Summarize Tables with Custom Prompts

Vectara supports table summarization using LLMs during document upload. This lets you define custom prompt templates that control how the LLM interprets and summarizes table data during extraction. By customizing the prompt_template, you can tailor summaries for domain-specific language, analytical perspectives, or formatting preferences.

The summarization engine supports OpenAI-compatible models (for example, gpt-4o) and is configured through the table_extraction_config parameter. This configuration also lets you specify model parameters like temperature and token limits.

Prompt templates use Apache Velocity syntax and have access to structured table data via these built-in variables:

  • $vectaraTable: The root object representing the extracted table.
  • $vectaraTable.title(): The title of the table.
  • $vectaraTable.description(): A description or summary of the table data.
  • $vectaraTable.json(): The table contents as a JSON object.
  • $vectaraTable.markdown(): The table contents in Markdown format.

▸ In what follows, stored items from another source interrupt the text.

text \<open>The condition \<open>(N <#> J) \<inter> M \<subseteq> J\<close> replaces closedness: it says that \<open>J\<close> is the trace
  on \<open>M\<close> of the subgroup \<open>N <#> J\<close>, which is open when \<open>N\<close> is. Such subgroups correspond to
  subgroups of the image of \<open>M\<close> in the finite \<open>p\<close>-group \<open>G Mod N\<close>.\<close>

lemma (in group) maximal_saturated_subgroup_normal:
  assumes p: "Factorial_Ring.prime p" and N: "N \<lhd> G" "card (rcosets N) = p ^ k"
    and M: "subgroup M G" and L: "subgroup L G" "L \<subset> M"
    and saturated: "(N <#> L) \<inter> M \<subseteq> L"
    and maximal: "\<And>J. subgroup J G \<Longrightarrow> L \<subseteq> J \<Longrightarrow> J \<subseteq> M \<Longrightarrow> (N <#> J) \<inter> M \<subseteq> J \<Longrightarrow> J = L \<or> J = M"
  shows "L \<lhd> G\<lparr>carrier := M\<rparr>"
proof -
  define Q where "Q = G Mod N"
  define \<pi> where "\<pi> = (\<lambda>a. N #> a)"
  have N_subgroup: "subgroup N G" using normal_imp_subgroup[OF N(1)] .
  interpret \<pi>: group_hom G Q \<pi>
    unfolding Q_def \<pi>_def using normal.factorgroup_is_group[OF N(1)] normal.r_coset_hom_Mod[OF N(1)]
    by (simp add: group_hom_def group_hom_axioms_def is_group)
  have order_Q: "Coset.order Q = p ^ k" using N(2) by (simp add: Q_def Coset.order_def FactGroup_def)
  have M_carrier: "M \<subseteq> carrier G" and L_carrier: "L \<subseteq> carrier G"
    using subgroup.subset M L(1) by auto
  have in_set_mult: "x \<in> N <#> J" if "x \<in> carrier G" "J \<subseteq> carrier G" "\<pi> x \<in> \<pi> ` J" for x J
    using mem_set_mult_if_rcoset_mem_image[OF N_subgroup that(1,2)] that(3) unfolding \<pi>_def .
  define Q' where "Q' = Q\<lparr>carrier := \<pi> ` M\<rparr>"
  have M_image: "subgroup (\<pi> ` M) Q" using \<pi>.subgroup_img_is_subgroup[OF M] .
  have L_image: "subgroup (\<pi> ` L) Q'"
    unfolding Q'_def using \<pi>.H.subgroup_incl[OF \<pi>.subgroup_img_is_subgroup[OF L(1)] M_image] L(2) by blast
  have "\<pi> ` L \<noteq> carrier Q'"
  proof
    assume image_eq: "\<pi> ` L = carrier Q'"
    obtain y where y: "y \<in> M" "y \<notin> L" using L(2) by blast
    then have "\<pi> y \<in> \<pi> ` L" using image_eq unfolding Q'_def by simp
    then have "y \<in> N <#> L" by (rule in_set_mult[OF subsetD[OF M_carrier y(1)] L_carrier])
    then show False using saturated y by blast
  qed
  moreover have "Jb = \<pi> ` L \<or> Jb = carrier Q'" if "subgroup Jb Q'" "\<pi> ` L \<subseteq> Jb" for Jb
  proof -
    have maximal_saturated: "J = L \<or> J = M" if J: "subgroup J G" "L \<subseteq> J" "J \<subseteq> M"
      and saturated_J: "\<And>x j. x \<in> M \<Longrightarrow> j \<in> J \<Longrightarrow> \<pi> x = \<pi> j \<Longrightarrow> x \<in> J" for J
      using saturated_J unfolding \<pi>_def
      by (rule maximal[OF J set_mult_Int_subset_if_rcoset_saturated[OF N_subgroup J(3) M_carrier]])
    have "Jb = \<pi> ` L \<or> Jb = \<pi> ` M"
      by (rule \<pi>.maximal_subgroup_image[OF M L(1) psubset_imp_subset[OF L(2)] maximal_saturated
            that[unfolded Q'_def]])
    then show ?thesis unfolding Q'_def by simp
  qed
  moreover have "group Q'" unfolding Q'_def by (rule \<pi>.H.subgroup_imp_group[OF M_image])
  moreover obtain m where "Coset.order Q' = p ^ m"
    using \<pi>.H.finite_p_group_subgroup_order[OF p order_Q M_image] unfolding Q'_def by blast
  ultimately have L_normal: "\<pi> ` L \<lhd> Q'"
    using group.finite_p_group_maximal_subgroup_normal[OF _ p _ L_image] by blast
  show ?thesis
  proof (rule normal_in_subgroupI[OF M L(1)])
    show "L \<subseteq> M" using L(2) by blast
    fix m l assume m: "m \<in> M" and l: "l \<in> L"
    have "\<pi> m \<otimes>\<^bsub>Q'\<^esub> \<pi> l \<otimes>\<^bsub>Q'\<^esub> inv\<^bsub>Q'\<^esub> \<pi> m \<in> \<pi> ` L"
      using normal.inv_op_closed2[OF L_normal] m l unfolding Q'_def by auto
    moreover have "\<pi> (m \<otimes> l \<otimes> inv m) = \<pi> m \<otimes>\<^bsub>Q'\<^esub> \<pi> l \<otimes>\<^bsub>Q'\<^esub> inv\<^bsub>Q'\<^esub> \<pi> m"
      using m l M_carrier L_carrier \<pi>.H.m_inv_consistent[OF M_image] unfolding Q'_def
      by (simp add: subsetD)
    ultimately have "\<pi> (m \<otimes> l \<otimes> inv m) \<in> \<pi> ` L" by simp
    moreover have "m \<otimes> l \<otimes> inv m \<in> M"
      using m l L(2) M by (meson psubsetD subgroup.m_closed subgroup.m_inv_closed)
    ultimately have "m \<otimes> l \<otimes> inv m \<in> N <#> L"
      by (intro in_set_mult[OF subsetD[OF M_carrier] L_carrier])
    then show "m \<otimes> l \<otimes> inv m \<in> L"
      using saturated \<open>m \<otimes> l \<otimes> inv m \<in> M\<close> by blast
  qed
qed

section \<open>Topological and profinite groups\<close>

lemma openin_tube:
  assumes TX: "compact_space TX" and f: "continuous_map (prod_topology TX TY) TZ f"
    and C: "closedin TX C" and V: "openin TZ V"
  shows "openin TY {y \<in> topspace TY. \<forall>x\<in>C. f (x, y) \<in> V}"
proof -
  define B where "B = {z \<in> topspace (prod_topology TX TY). fst z \<in> C \<and> f z \<in> topspace TZ - V}"
  have "B = {z \<in> topspace (prod_topology TX TY). fst z \<in> C} \<inter>
      {z \<in> topspace (prod_topology TX TY). f z \<in> topspace TZ - V}"
    unfolding B_def by blast
  then have "closedin (prod_topology TX TY) B"
    using closedin_continuous_map_preimage[OF continuous_map_fst C]
      closedin_continuous_map_preimage[OF f closedin_diff[OF closedin_topspace V]] by auto
  then have "closedin TY (snd ` B)" using closed_map_snd[OF TX] unfolding closed_map_def by blast
  moreover have "{y \<in> topspace TY. \<forall>x\<in>C. f (x, y) \<in> V} = topspace TY - snd ` B"
    using closedin_subset[OF C] continuous_map_image_subset_topspace[OF f]
    unfolding B_def by (force simp: image_iff)
  ultimately show ?thesis by (simp add: openin_diff)
qed

lemma exists_clopen_nhood_disjoint:
  assumes "compact_space TX" "Hausdorff_space TX" and x: "connected_component_of_set TX x = {x}"
    and C: "closedin TX C" "x \<notin> C"
  shows "\<exists>W. openin TX W \<and> closedin TX W \<and> x \<in> W \<and> W \<inter> C = {}"
proof -
  have "separated_between TX {x} C"
  proof (rule cut_wire_fence_theorem_gen)
    show "compactin TX {x}" using x connected_component_of_eq_empty by fastforce
    show "disjnt D {x} \<or> disjnt D C" if "connectedin TX D" for D
      using connected_component_of_maximal[OF that, of x] x C(2) by (cases "x \<in> D") (auto simp: disjnt_def)
  qed (use assms in auto)
  then show ?thesis unfolding separated_between by blast
qed

locale topgroup =
  fixes G (structure) and T
  assumes topological_group: "topological_group G T"

sublocale topgroup \<subseteq> group G
  using topological_group by (simp add: topological_group_def)

context topgroup
begin

lemma topspace_eq [simp]: "topspace T = carrier G"
  using topological_group by (simp add: topological_group_def)

lemma continuous_map_mult_prod: "continuous_map (prod_topology T T) T (\<lambda>(x, y). x \<otimes> y)"
  using topological_group by (simp add: topological_group_def)

lemma continuous_map_mult:
  assumes "continuous_map S T f" "continuous_map S T g"
  shows "continuous_map S T (\<lambda>x. f x \<otimes> g x)"
  using continuous_map_compose[OF continuous_map_pairedI[OF assms] continuous_map_mult_prod]
  by (simp add: o_def)

lemma continuous_map_inv:
  assumes "continuous_map S T f"
  shows "continuous_map S T (\<lambda>x. inv (f x))"
proof -
  have "continuous_map T T (\<lambda>x. inv x)"
    using topological_group by (simp add: topological_group_def)
  from continuous_map_compose[OF assms this] show ?thesis by (simp add: o_def)
qed

lemma continuous_map_l_translation: "a \<in> carrier G \<Longrightarrow> continuous_map T T (\<lambda>y. a \<otimes> y)"
  using continuous_map_mult[OF _ continuous_map_id[unfolded id_def], of "\<lambda>_. a"] by simp

lemma openin_l_coset: "openin T V \<Longrightarrow> a \<in> carrier G \<Longrightarrow> openin T (a <# V)"
  using openin_continuous_map_preimage[OF continuous_map_l_translation[of "inv a"]]
    l_coset_eq_vimage[of V a] openin_subset[of T V] by simp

Leverage $vectaraTable.markdown() for LLM-friendly formatting and $vectaraTable.json() if you want precise structured access to table contents. You can define role-based prompt structures (system and user roles) in JSON format to match OpenAI-style chat templates.

Enable table extraction and custom summarization

To enable table extraction and custom summarization, pass the table_extraction_config in the multipart form data of your upload request.

{
"extract_tables": true,
"extractor": {
"name": "gmft"
},
"generation": {
"llm_name": "gpt-4o-mini",
"prompt_template": "Adopt the perspective of a data analyst and summarize the table below:\n\n$vectaraTable.markdown()",
"model_parameters": {
"temperature": 0.7,
"max_tokens": 1024
}
}
}
  • The gmft extractor extracts table data.
  • The gpt-4o-mini model is used for summarization.
  • The prompt_template uses Velocity to refer to the table in markdown format.
  • The model_parameters customize the generation behavior (creativity and response length).

Example curl request

You can either pass the configuration inline or via a JSON file. Inline JSON is a cleaner option for single-use or dynamic configs. Using a config file for table_extraction_config can be helpful if you plan to upload multiple files using the same config. You must include the type=application/json suffix when setting the -F parameter—otherwise, the content may not parse correctly.

Inline JSON example

Inline JSON is a cleaner option for single-use or dynamic configs.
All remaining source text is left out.